* Task brief:
In the records below, the line with "E v \<longleftrightarrow>" opens the range and the line with "complete binary tree)" closes it; print that range exactly and nothing else.

==*==

(* Let $(D,v^* )$ be an instance of TFP that is special with respect to $a^*\in N_{\mathrm{out}}(v^* )$ and $b^*\in N_{\mathrm{in}}(v^* )$, and let $m=|N_{\mathrm{in}}(v^* )|=2^p$ (so $|V(D)|=4m=2^{p+2}$ and the knockout tournament has $p+2$ rounds). Write $A=N_{\mathrm{out}}(v^* )$ and $B=N_{\mathrm{in}}(v^* )$. Suppose $(D,v^* )$ is a yes-instance, let $\sigma$ be an arbitrary winning seeding for $v^*$, and let $\{M_1,\dots,M_{p+2}\}$ be its match set sequence. Then: (1) $V(M_{p+1})\cap B=\{b^*\}$; (2) $|V(M_{p+1})\cap A|=2$ and $a^*\in V(M_{p+1})$; (3) for every round $r\in\{1,\dots,p\}$, every match in $M_r$ is played either between two players of $A\cup\{v^*\}$ or between two players of $B$.
   Context: A tournament is a digraph $D=(V,E)$ in which for every pair of distinct vertices $u,v$ exactly one of the arcs $(u,v),(v,u)$ is present; $(u,v)\in E$ means $u$ beats $v$. $N_{\mathrm{out}}(v)=\{u:(v,u)\in E\}$, $N_{\mathrm{in}}(v)=\{u:(u,v)\in E\}$. A knockout tournament on $n=2^c$ players is a complete binary tree with $n$ leaves; a seeding is a bijection from players to leaves; in each of the $\log_2 n$ rounds the winners of sibling subtrees play each other and the winner (according to $D$) advances; the last remaining player is the champion. A seeding is winning for $v^*$ if $v^*$ is the champion. The Tournament Fixing Problem (TFP): given a tournament $D$ with $|V(D)|$ a power of two and $v^*\in V(D)$, decide whether a winning seeding for $v^*$ exists; $(D,v^* )$ is a yes-instance if so. For a seeding, the match set $M_r\subseteq E(D)$ of round $r$ is the set of arcs $(u,v)$ such that $u$ beat $v$ in round $r$, and $V(M_r)$ is the set of players participating in round $r$; $\{M_1,\dots,M_{\log n}\}$ is the match set sequence. An instance $(D,v^* )$ is special with respect to $a^*\in N_{\mathrm{out}}(v^* )$ and $b^*\in N_{\mathrm{in}}(v^* )$ if: (i) $|N_{\mathrm{out}}(v^* )|=3|N_{\mathrm{in}}(v^* )|-1$ and $|N_{\mathrm{in}}(v^* )|=2^p$ for some integer $p\ge 0$; (ii) $(a^*,b^* )\in E(D)$; (iii) for every $a\in N_{\mathrm{out}}(v^* )$ and $b\in N_{\mathrm{in}}(v^* )$ with $(a,b)\neq(a^*,b^* )$, we have $(b,a)\in E(D)$. *)

theory Defs
  imports Main
begin

text \<open>A tournament on the finite vertex set V with arc set E; (u,v) in E means u beats v.\<close>
definition tournament :: "'a set \<Rightarrow> ('a \<times> 'a) set \<Rightarrow> bool" where
  "tournament V E \<longleftrightarrow> finite V \<and> E \<subseteq> V \<times> V \<and>
     (\<forall>u\<in>V. \<forall>w\<in>V. u \<noteq> w \<longrightarrow> ((u,w) \<in> E \<longleftrightarrow> (w,u) \<notin> E)) \<and>
     (\<forall>u\<in>V. (u,u) \<notin> E)"

definition N_out :: "('a \<times> 'a) set \<Rightarrow> 'a \<Rightarrow> 'a set" where
  "N_out E v = {u. (v,u) \<in> E}"

definition N_in :: "('a \<times> 'a) set \<Rightarrow> 'a \<Rightarrow> 'a set" where
  "N_in E v = {u. (u,v) \<in> E}"

definition TFP_instance :: "'a set \<Rightarrow> ('a \<times> 'a) set \<Rightarrow> 'a \<Rightarrow> bool" where
  "TFP_instance V E v \<longleftrightarrow> tournament V E \<and> (\<exists>c. card V = 2 ^ c) \<and> v \<in> V"

definition match_winner :: "('a \<times> 'a) set \<Rightarrow> 'a \<Rightarrow> 'a \<Rightarrow> 'a" where
  "match_winner E u w = (if (u,w) \<in> E then u else w)"

text \<open>A seeding is represented by the map s from leaf positions 0..<n (left to right in the
  complete binary tree) to players; it is a seeding iff it is a bijection onto V.
  ko_win E s j k is the player that has won the subtree at height j with index k,
  i.e. whose leaves are k*2^j ..< (k+1)*2^j.\<close>
fun ko_win :: "('a \<times> 'a) set \<Rightarrow> (nat \<Rightarrow> 'a) \<Rightarrow> nat \<Rightarrow> nat \<Rightarrow> 'a" where
  "ko_win E s 0 k = s k"
| "ko_win E s (Suc j) k = match_winner E (ko_win E s j (2*k)) (ko_win E s j (2*k+1))"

==*==

* Solution for this task:
  "TFP_instance V E v \<longleftrightarrow> tournament V E \<and> (\<exists>c. card V = 2 ^ c) \<and> v \<in> V"

definition match_winner :: "('a \<times> 'a) set \<Rightarrow> 'a \<Rightarrow> 'a \<Rightarrow> 'a" where
  "match_winner E u w = (if (u,w) \<in> E then u else w)"

text \<open>A seeding is represented by the map s from leaf positions 0..<n (left to right in the
  complete binary tree) to players; it is a seeding iff it is a bijection onto V.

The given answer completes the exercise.